Algorithmic Risk Quantification
Let me show you the numbers. Current decentralized compute utilization across Akash, Render, and io.net sits at 35%. At current capacity, that's $200M annual revenue. If fair use is codified—either through legislation or a Supreme Court ruling—utilization could hit 70% within 18 months. That's a $1.4B market. The leverage is asymmetric. The downside is legal costs. The upside is a new asset class.
Risk is not a number; it is a narrative. The narrative today is that AI-crypto is a gimmick. The reality: it's the only non-speculative demand driver in crypto. AI agents need compute. They need settlement. They need data. Blockchains like Solana offer the fastest, cheapest way to coordinate all three.

Crisis Opportunity: The Bear Market Positioning
We are in a bear market. Survival matters more than gains. But the smartest capital is not hiding in stablecoins—it's positioning for the next liquidity cycle. Yakovenko's statement is a clue. He is signaling that Solana will compete not on DeFi TVL, but on AI-agent economic layers.
I've learned to read these signals. In 2020, I analyzed the Federal Reserve's unlimited QE and predicted Bitcoin's 300% surge. I published a whitepaper arguing that Bitcoin should be priced in purchasing power parity, not USD. That was dismissed by traditional finance. It was right. Today, I see a similar gap: the market ignores legal signals until they become liquidity events.
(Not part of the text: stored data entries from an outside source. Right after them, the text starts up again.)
(* Let $L:\mathbb{R}^d\times\mathbb{R}^{d+1}\to\mathbb{R}$ be such that $L(w,z)$ is convex in $w$ for every $z$, let $\nabla_1 L(w,z)$ denote a (fixed choice of) sub-gradient of $L(\cdot,z)$ at $w$, and assume there are constants $A,B\ge0$ with $\|\nabla_1 L(w,z)\|^2\le A L(w,z)+B$ for all $w\in\mathbb{R}^d$, $z\in\mathbb{R}^{d+1}$. Let $z_1,\dots,z_n\in\mathbb{R}^{d+1}$ be training data, let $g\ge 0$, and let $\eta>0$ with $1-0.5A\eta>0$. For $w\in\mathbb{R}^d$ and $\gamma\ge0$ set \[ R(w,\gamma)=\frac1n\sum_{i=1}^n L(w,z_i)+\gamma\|w\|_1 .\] Let $\hat w_1=w_1=0$ and define recursively for $t=1,2,\ldots$ \[ w_{t+1}=T\big(w_t-\eta\nabla_1 L(w_t,z_{i_t}),\ g\eta\big),\qquad \hat w_{t+1}=\hat w_t+\frac{w_{t+1}-\hat w_t}{t+1}, \] where $i_1,i_2,\ldots$ are independent and each uniformly distributed on $\{1,\dots,n\}$. Then for every $T\ge1$ and every $\bar w\in\mathbb{R}^d$, \[ \mathbf{E}_{i_1,\dots,i_T}\Big[(1-0.5A\eta)\,R\Big(\hat w_T,\tfrac{g}{1-0.5A\eta}\Big)\Big] \le \mathbf{E}_{i_1,\dots,i_T}\Big[\frac{1-0.5A\eta}{T}\sum_{i=1}^T R\Big(w_i,\tfrac{g}{1-0.5A\eta}\Big)\Big] \le \frac{\eta}{2}B+\frac{\|\bar w\|^2}{2\eta T}+R(\bar w,g). \]
   Context: $\|\cdot\|$ is the Euclidean norm and $\|\cdot\|_1$ the $1$-norm. For $v\in\mathbb{R}^d$ and $\alpha\ge0$, $T(v,\alpha)=(T(v_1,\alpha),\dots,T(v_d,\alpha))$ with $T(v_j,\alpha)=\max(0,v_j-\alpha)$ if $v_j>0$ and $T(v_j,\alpha)=\min(0,v_j+\alpha)$ otherwise. *)

theory Defs
  imports "HOL-Analysis.Analysis"
begin

definition soft_thr :: "real \<Rightarrow> real \<Rightarrow> real" where
  "soft_thr v \<alpha> = (if v > 0 then max 0 (v - \<alpha>) else min 0 (v + \<alpha>))"

definition soft_thr_vec :: "real ^ 'd \<Rightarrow> real \<Rightarrow> real ^ 'd" where
  "soft_thr_vec v \<alpha> = (\<chi> j. soft_thr (v $ j) \<alpha>)"

definition norm1 :: "real ^ 'd \<Rightarrow> real" where
  "norm1 w = (\<Sum>j\<in>UNIV. \<bar>w $ j\<bar>)"

definition is_subgradient :: "(real ^ 'd \<Rightarrow> real) \<Rightarrow> real ^ 'd \<Rightarrow> real ^ 'd \<Rightarrow> bool" where
  "is_subgradient f w v \<longleftrightarrow> (\<forall>u. f u \<ge> f w + v \<bullet> (u - w))"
Regulatory Flow Anticipation
The US is not the only jurisdiction. The EU's MiCA framework already provides clarity. Solana's co-founder is effectively aligning with the EU's more permissive stance on data usage. This creates an arbitrage: projects based in the EU can source data more freely, while US projects face uncertainty. Solana's global developer base can pivot to friendly jurisdictions. Yakovenko's statement is a nudge to do so.
Infrastructure-Convergence Vision
The convergence of AI and blockchain is not a narrative—it's an engineering reality. AI agents will transact with each other using crypto tokens. They will need fast settlement. Solana's 400ms block times are designed for this. But the supply side—the data and compute providers—need legal certainty to participate. Yakovenko is building that certainty through public pressure.
Contrarian Angle: The Decoupling Thesis
Most analysts see this story as noise. "Founder talks, no price impact." They are wrong. The contrarian angle: this is not about price today. It is about the narrative war for the next cycle. The market is pricing Solana as a DeFi chain. It is ignoring the AI-agent infrastructure being built on it. Yakovenko's fair use defense is a signal to developers: build here, we will fight for your legal right to innovate.
The blind spot is that most still think AI-crypto is a gimmick. In reality, it's the only sector with real non-speculative demand: compute. Every AI model needs it. Every day. That demand is inelastic. The supply side is fragmented. Blockchain aggregation is the solution. Yakovenko's legal advocacy removes friction.
Takeaway: Position for the Lift
The ledger does not sleep, but the analyst must. Watch the legal dockets, not the charts. The real bull market in AI-crypto will begin when the regulatory fog lifts. And when it does, the projects that own the physical infrastructure—and the chains that enable them—will be the ones that compound.
Shorting the panic, buying the silence.